Speaking to The Jerusalem Post ahead of Wednesday’s International Day of Persons with Disabilities, Sandler-Loeff addressed the relatively new concept of developing supported housing for the disabled population in Israel.

As director of JDC-Israel Unlimited – a strategic partnership among JDC Israel, the government, and the Ruderman Family Foundation, Sandler- Loeff oversees the development of social services for the inclusion of people with disabilities in Israeli society.

“There are some one million adults with disabilities living in Israel, with approximately 10,000 living in institutions and nursing homes,” she said. “This might sound like very few people, but once you compare the numbers to the US, for example, it is a completely different picture.”

According to Sandler-Loeff, in the US more than 20,000 people with disabilities live in institutions.

“In the US, they have the option to choose between living in institutions and living in the community with supportive services that allow them to integrate into society,” she said.
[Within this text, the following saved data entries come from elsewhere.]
text \<open>
  Write \<open>\<langle>f\<rangle>\<close> for the \<open>\<nu>\<^sub>\<alpha>\<close>-average over the tent \<open>T\<close> of \<open>B\<close>, and \<open>\<phi> = \<phi>(p)\<close>, so that
  \<open>1 - \<phi> = 1/(p-1)\<close> and \<open>\<phi> - 1 = 1 - p'\<close>. Hoelder's inequality with exponents \<open>1/\<phi>\<close> and
  \<open>1/(1-\<phi>)\<close> gives \<open>\<langle>h \<omega>\<rangle> \<le> a^\<phi> \<langle>\<omega>\<rangle>^(1-\<phi>)\<close>, where \<open>a = \<langle>|h|^(1/\<phi>) \<omega>\<rangle>\<close>. On \<open>T\<close> the
  maximal function of \<open>|h|^(1/\<phi>) \<omega>\<close> is at least its average \<open>a\<close>, hence
  \<open>(S(h) \<omega>)^(-1) \<le> a^(-\<phi>) \<omega>^(1-p')\<close> on \<open>T\<close>. In the product of the two averages the powers
  of \<open>a\<close> cancel, leaving \<open>\<langle>\<omega>\<rangle>^(1/(p-1)) \<langle>\<omega>^(1-p')\<rangle> = (\<langle>\<omega>\<rangle> \<langle>\<omega>^(1-p')\<rangle>^(p-1))^(1/(p-1))\<close>,
  which is one term of the supremum defining \<open>[\<omega>]\<^sub>p\<^sub>,\<^sub>\<alpha>\<close>.
\<close>

lemma Youngs_inequality_scaled:
  fixes t c \<phi> :: real
  assumes t: "0 \<le> t" and c: "0 < c" and \<phi>: "0 < \<phi>" "\<phi> < 1"
  shows "t \<le> \<phi> * c powr (\<phi> - 1) * t powr (1 / \<phi>) + (1 - \<phi>) * c powr \<phi>"
proof (cases "t = 0")
  case False
  with t have t: "0 < t" by simp
  have "(t powr (1 / \<phi>) / c) powr \<phi> * 1 powr (1 - \<phi>) \<le> \<phi> * (t powr (1 / \<phi>) / c) + (1 - \<phi>) * 1"
    using \<phi> t c by (intro Youngs_inequality_0) auto
  then have "t / c powr \<phi> \<le> \<phi> * (t powr (1 / \<phi>) / c) + (1 - \<phi>)"
    using \<phi> t c by (simp add: powr_divide powr_powr)
  then have "t \<le> (\<phi> * (t powr (1 / \<phi>) / c) + (1 - \<phi>)) * c powr \<phi>"
    using c by (simp add: divide_le_eq)
  also have "\<dots> = \<phi> * c powr (\<phi> - 1) * t powr (1 / \<phi>) + (1 - \<phi>) * c powr \<phi>"
    using c by (simp add: powr_diff field_simps)
  finally show ?thesis .
qed (use \<phi> c in simp)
People with disabilities in Israel have few living options, either finding local housing with limited supportive services or living in an institution or hostels, which are often overcrowded or unappealing.

“We have a long way to go to allow people with disabilities to live in a respectable manner in the community – we need to allow them this alternative,” she said.

The JDC-Israel Unlimited launched an supported housing pilot program nearly two years ago in three areas – Western Galilee, Ramat Gan, and Ashdod – to examine the possibility of developing a supported housing network in Israel.

As part of the program, people with disabilities are offered assistance in transitioning from their parents’ homes or institutions into the community. They have to pay for rent, often with the help of government subsidies, but continue to receive disability benefits from the National Insurance Institute for needed care.

“This system encourages disabled people to integrate into the community, to find employment, and to provide for themselves,” said Sandler-Loeff.

In addition, each person is accompanied by a case manager and mentor who teach life skills adapted to their specific needs to enable independent living – from learning to cook and running a bank account to finding a job and integrating into a social environment.

“It is very person-centered and the services provided are adapted to the needs of the individual person and his family,” she said. “We work closely with the individual before and during the transition and then our assistance is gradually reduced as he becomes more independent.”

Following the success of the pilot program, in January 2015 the supported housing pilot project is set to expand to an additional nine municipalities throughout the country.

“We still need to prove that this system is effective [in Israel] and that there are substantive services that can be offered for their living situation,” she explained.

According to Sandler-Loeff, from a long-term financial perspective, supported housing also has the added benefit of offering a more cost-effective approach to living than maintaining and operating institutions around the clock.

“In the US they have been successfully running this model for 30 years and they have proven that even people with severe disabilities can live within the community and work and contribute to society,” she explained.

“Israel still has a long way to go to allow disabled people to live with dignity, but we are starting with supported housing,” she said.

Shira Ruderman, Israel director of the Ruderman Family Foundation, told the Post that a major obstacle to implementing the project in Israel stems from public attitudes regarding the inclusion of people with disabilities.

“We need to work with the families to believe in the project.

We need to prepare the young adults for independence, and we need to create services and expand quickly. We need to work on the general public attitude [to make this a success],” she said.

According to Ruderman, whose foundation has actively worked to push the initiative forward, the concept of supported housing is finally gaining traction and support from the disability leadership and the government, following its continued success in the United States.

“My hope is that this will soon become the normative approach in Israeli society.”